Add a temporary index in a post migration to improve select and update SQL performance. This will be removed in the next milestone per #340299 (closed)
The migration is done in post migration using a background migration to perform the backfill of data.
Screenshots or Screencasts (strongly suggested)
How to setup and validate locally (strongly suggested)
Database
Background Migration Details:
3466338 items to update
batch size = 5000
3466338 / 5000 = 694 batches
Estimated times per batch:
- 12ms for select statement with 5000 items (see linked explain plan)
- 6ms for update statement with 500 items (see linked explain plan)
Total: ~0.018 sec per batch
2 mins delay per batch (safe for the given total time per batch)

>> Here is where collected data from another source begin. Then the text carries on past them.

(* Let $p$ be a prime, $m,t\ge 1$, $B=\mathrm{GF}(p^m)$ and $F=\mathrm{GF}(p^{mt})$, and assume that $t$ is divisible by $p$ (the characteristic of $F$). Let $n=|F|=|B|^t$, $k=n(1-1/|B|)$, and let $\mathcal{C}=\mathrm{RS}(F,k)=\{(f(\alpha))_{\alpha\in F} : f\in F[x],\ \deg f<k\}$, where the symbol $f(\alpha)$ is stored at the node indexed by $\alpha$. Then for any two distinct $\alpha^*,\overline{\alpha}\in F$, a repair center can recover both erased symbols $f(\alpha^* )$ and $f(\overline{\alpha})$ by downloading a total of $2(n-2)$ sub-symbols (elements of $B$), namely two sub-symbols from each surviving node $\alpha\in F\setminus\{\alpha^*,\overline{\alpha}\}$, each computed from the symbol $f(\alpha)$ stored at that node.
   Context: Elements of $F$ are called symbols and elements of $B$ sub-symbols. The trace is $\mathrm{Tr}_{F/B}(x)=\sum_{i=0}^{t-1}x^{|B|^i}$. In centralized repair, a single repair center downloads data from the surviving nodes and computes all erased symbols; the repair bandwidth is the total number of sub-symbols it downloads. *)

theory Defs
  imports "HOL-Computational_Algebra.Polynomial" "HOL-Computational_Algebra.Primes" "HOL-Library.Cardinality"
begin

text \<open>The subfield GF(q) of a finite field F whose order is a power of q:
  it is the set of fixed points of the Frobenius-type map x \<mapsto> x^q.\<close>
definition subfield_of_order :: "nat \<Rightarrow> 'a::field set" where
  "subfield_of_order q = {x. x ^ q = x}"

text \<open>Centralized repair of the two erased nodes a1, a2 of the full-length
  Reed--Solomon code RS(F,k) (nodes indexed by all elements of F),
  downloading exactly two sub-symbols (elements of the subfield B) from each
  surviving node, each computed from the symbol stored at that node.
  q1 alpha, q2 alpha are the two download functions of node alpha; R is the
  repair center's reconstruction map, which only sees the downloaded data
  (the entries at the erased nodes are blanked to (0,0)).\<close>
definition two_erasure_repairable_2_per_node ::
    "'a::field set \<Rightarrow> nat \<Rightarrow> 'a \<Rightarrow> 'a \<Rightarrow> bool" where
  "two_erasure_repairable_2_per_node B k a1 a2 \<longleftrightarrow>
     (\<exists>(q1 :: 'a \<Rightarrow> 'a \<Rightarrow> 'a) (q2 :: 'a \<Rightarrow> 'a \<Rightarrow> 'a)
        (R :: ('a \<Rightarrow> 'a \<times> 'a) \<Rightarrow> 'a \<times> 'a).
        (\<forall>\<alpha> x. q1 \<alpha> x \<in> B \<and> q2 \<alpha> x \<in> B) \<and>
        (\<forall>f :: 'a poly. degree f < k \<longrightarrow>
           R (\<lambda>\<alpha>. if \<alpha> \<noteq> a1 \<and> \<alpha> \<noteq> a2
                    then (q1 \<alpha> (poly f \<alpha>), q2 \<alpha> (poly f \<alpha>)) else (0, 0))
             = (poly f a1, poly f a2)))"

end

theory Submission
  imports Defs "HOL-Number_Theory.Residues"
begin

text \<open>Let \<open>Q = p^m\<close>, so \<open>|F| = Q^t\<close>, and let Tr be the trace of \<open>F\<close> over \<open>B = GF(Q)\<close>.
  For \<open>deg h < |F| - Q^(t-1)\<close> and any \<open>u\<close>, the polynomial \<open>g(x) = Tr(u(x - a))/(x - a)\<close> has
  degree \<open>< Q^(t-1)\<close> and \<open>g(a) = u\<close>, so \<open>\<Sum>\<^sub>x h(x) g(x) = 0\<close>; taking traces gives the dual
  identity \<open>Tr(u h(a)) + \<Sum>\<^sub>x\<^sub>\<noteq>\<^sub>a Tr(u(x - a)) Tr(h(x)/(x - a)) = 0\<close>.
  Node \<open>x\<close> therefore sends \<open>Tr(f(x)/(x - a\<^sub>1))\<close> and \<open>Tr(f(x)/(x - a\<^sub>2))\<close>.
  If two codewords give the same downloads, their difference \<open>h\<close> satisfies the identity at
  \<open>a\<^sub>1\<close> with only the term of \<open>a\<^sub>2\<close> left, and symmetrically. At \<open>a\<^sub>2\<close> with \<open>u = 1/(a\<^sub>1 - a\<^sub>2)\<close>
  that term carries the factor \<open>Tr(1) = t = 0\<close> (here \<open>p dvd t\<close> is used), so it vanishes;
  then \<open>Tr(u h(a\<^sub>1)) = 0\<close> for all \<open>u\<close>, which forces \<open>h(a\<^sub>1) = 0\<close> since Tr is not identically
  zero. The bound \<open>k \<le> |F| - |F|/|B|\<close> keeps all differences within the degree range.\<close>

lemma finite_field_power_card_eq:
  fixes x :: "'a::{field,finite}"
  shows "x ^ CARD('a) = x"
proof (cases "x = 0")
  case True
  then show ?thesis by simp
next
  case False
  let ?U = "UNIV - {0 :: 'a}"
  have "x ^ card ?U * \<Prod>?U = (\<Prod>y\<in>?U. x * y)"
    by (simp add: prod.distrib)
  also have "\<dots> = \<Prod>?U"
    by (rule prod.reindex_bij_witness[of _ "\<lambda>y. y / x" "\<lambda>y. x * y"]) (use False in auto)
  finally have "x ^ card ?U = 1"
    by simp
  have "CARD('a) = Suc (card ?U)"
    by (simp add: card_Diff_singleton finite_UNIV_card_ge_0)
  then have "x ^ CARD('a) = x * x ^ card ?U"
    by (simp only: power_Suc)
  with \<open>x ^ card ?U = 1\<close> show ?thesis
    by simp
qed

lemma prime_CHAR_finite_field: "prime CHAR('a::{field,finite})"
  by (rule prime_CHAR_semidom) (simp add: finite_imp_CHAR_pos)

lemma CHAR_eq_if_card_eq_prime_power:
  assumes "prime p" and "CARD('a::{field,finite}) = p ^ n"
  shows "CHAR('a) = p"
proof -
  have "CHAR('a) dvd p ^ n"
    using CHAR_dvd_CARD[where 'a = 'a] assms(2) by simp
  then have "CHAR('a) dvd p"
    using prime_CHAR_finite_field[where 'a = 'a] prime_dvd_power by blast
  then show ?thesis
    using prime_CHAR_finite_field[where 'a = 'a] assms(1) by (simp add: primes_dvd_imp_eq)
qed

lemma card_eq_power_imp_gt:
  assumes "CARD('a::{field,finite}) = Q ^ t"
  shows "1 < Q" and "0 < t"
proof -
  have "2 \<le> Q ^ t"
    using card_mono[of UNIV "{0, 1 :: 'a}"] assms by simp
  moreover have "Q ^ t \<le> 1" if "Q \<le> 1"
    using that power_le_one[of Q t] by simp
  ultimately show "1 < Q" and "0 < t"
    by (fastforce, cases t) auto
qed

lemma sum_UNIV_power_eq_0:
  assumes "j < CARD('a::{field,finite}) - 1"
  shows "(\<Sum>x\<in>UNIV. (x::'a) ^ j) = 0"
proof (cases "j = 0")
  case True
  then show ?thesis
    using CHAR_dvd_CARD[where 'a = 'a] by (simp add: of_nat_eq_0_iff_char_dvd)
next
  case False
  define P :: "'a poly" where "P = Polynomial.monom 1 j + [:-1:]"
  have deg_P: "degree P = j"
    using False by (simp add: P_def degree_monom_eq degree_add_eq_left)
  with False have "P \<noteq> 0"
    by auto
  obtain c :: 'a where c: "c \<noteq> 0" "c ^ j \<noteq> 1"
  proof (rule ccontr)
    assume "\<not> thesis"
    then have "UNIV - {0} \<subseteq> {x. poly P x = 0}"
      using that by (auto simp: P_def poly_monom)
    then have "card (UNIV - {0 :: 'a}) \<le> card {x. poly P x = 0}"
      using poly_roots_finite[OF \<open>P \<noteq> 0\<close>] by (rule card_mono[rotated])
    also have "\<dots> \<le> j"
      using card_poly_roots_bound[OF \<open>P \<noteq> 0\<close>] deg_P by simp
    finally show False
      using assms by (simp add: card_Diff_singleton)
  qed
  define S where "S = (\<Sum>x\<in>UNIV. (x::'a) ^ j)"
  have "S = (\<Sum>x\<in>UNIV. (c * x) ^ j)"
    unfolding S_def
    by (rule sum.reindex_bij_witness[of _ "\<lambda>y. c * y" "\<lambda>y. y / c"]) (use c in auto)
  also have "\<dots> = c ^ j * S"
    by (simp add: S_def power_mult_distrib sum_distrib_left)
  finally have "(c ^ j - 1) * S = 0"
    by (simp add: algebra_simps)
  then show ?thesis
    using c(2) by (simp add: S_def)
qed

lemma sum_UNIV_poly_eq_0:
  fixes h :: "'a::{field,finite} poly"
  assumes "degree h < CARD('a) - 1"
  shows "(\<Sum>x\<in>UNIV. poly h x) = 0"
proof -
  have "(\<Sum>x\<in>UNIV. poly h x) = (\<Sum>i\<le>degree h. Polynomial.coeff h i * (\<Sum>x\<in>UNIV. x ^ i))"
    by (simp add: poly_altdef sum_distrib_left sum.swap[of _ UNIV])
  also have "\<dots> = 0"
    using assms by (intro sum.neutral) (auto simp: sum_UNIV_power_eq_0)
  finally show ?thesis .
qed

694 batches * 2 min per batch = 1388 mins to run all the scheduled jobs
Select statement plan
Plan: https://postgres.ai/console/gitlab/gitlab-production-tunnel-pg12/sessions/6310/commands/21505
SELECT
award_emoji.*
FROM
award_emoji
WHERE
award_emoji.awardable_type = 'MergeRequest'
AND award_emoji.name = 'thumbsup'
ORDER BY
award_emoji.id
LIMIT 5000 offset 1
Update statement plan
Note: I used the ids (min 8, max 21623) from the select above in a database-lab clone to get the min/max ids
Plan: https://postgres.ai/console/gitlab/gitlab-production-tunnel-pg12/sessions/6448/commands/22097
WITH batched_relation AS MATERIALIZED (
SELECT
award_emoji.awardable_id
FROM
award_emoji
WHERE
award_emoji.id BETWEEN 21425 AND 21925
AND award_emoji.name = 'thumbsup'
AND award_emoji.awardable_type = 'MergeRequest'
AND award_emoji.id >= 21425
AND award_emoji.id < 21925
LIMIT 500)
UPDATE
merge_requests
SET
upvotes_count = sub_q.count_all
FROM (
SELECT
COUNT(*) AS count_all,
e.awardable_id AS merge_request_id
FROM
batched_relation AS e
GROUP BY
merge_request_id) AS sub_q
WHERE
sub_q.merge_request_id = merge_requests.id;
up
be rails db:migrate:up VERSION=20210802144035
== 20210802144035 AddUpvotesCountToMergeRequests: migrating ===================
-- add_column(:merge_requests, :upvotes_count, :integer, {:default=>0, :null=>false})
-> 0.0040s
== 20210802144035 AddUpvotesCountToMergeRequests: migrated (0.0129s) ==========
be rails db:migrate:up VERSION=20210825154031
== 20210825154031 AddTemporaryIndexOnAwardEmojiForMergeRequestsWithThumbsups: migrating
-- transaction_open?()
-> 0.0000s
-- index_exists?(:award_emoji, [:id, :awardable_id], {:where=>"awardable_type = 'MergeRequest' AND name = 'thumbsup'", :name=>"tmp_idx_award_emoji_on_merge_requests_with_thumbsup", :algorithm=>:concurrently})
-> 0.0029s
-- execute("SET statement_timeout TO 0")
-> 0.0006s
-- add_index(:award_emoji, [:id, :awardable_id], {:where=>"awardable_type = 'MergeRequest' AND name = 'thumbsup'", :name=>"tmp_idx_award_emoji_on_merge_requests_with_thumbsup", :algorithm=>:concurrently})
-> 0.0051s
-- execute("RESET statement_timeout")
-> 0.0006s
== 20210825154031 AddTemporaryIndexOnAwardEmojiForMergeRequestsWithThumbsups: migrated (0.0114s)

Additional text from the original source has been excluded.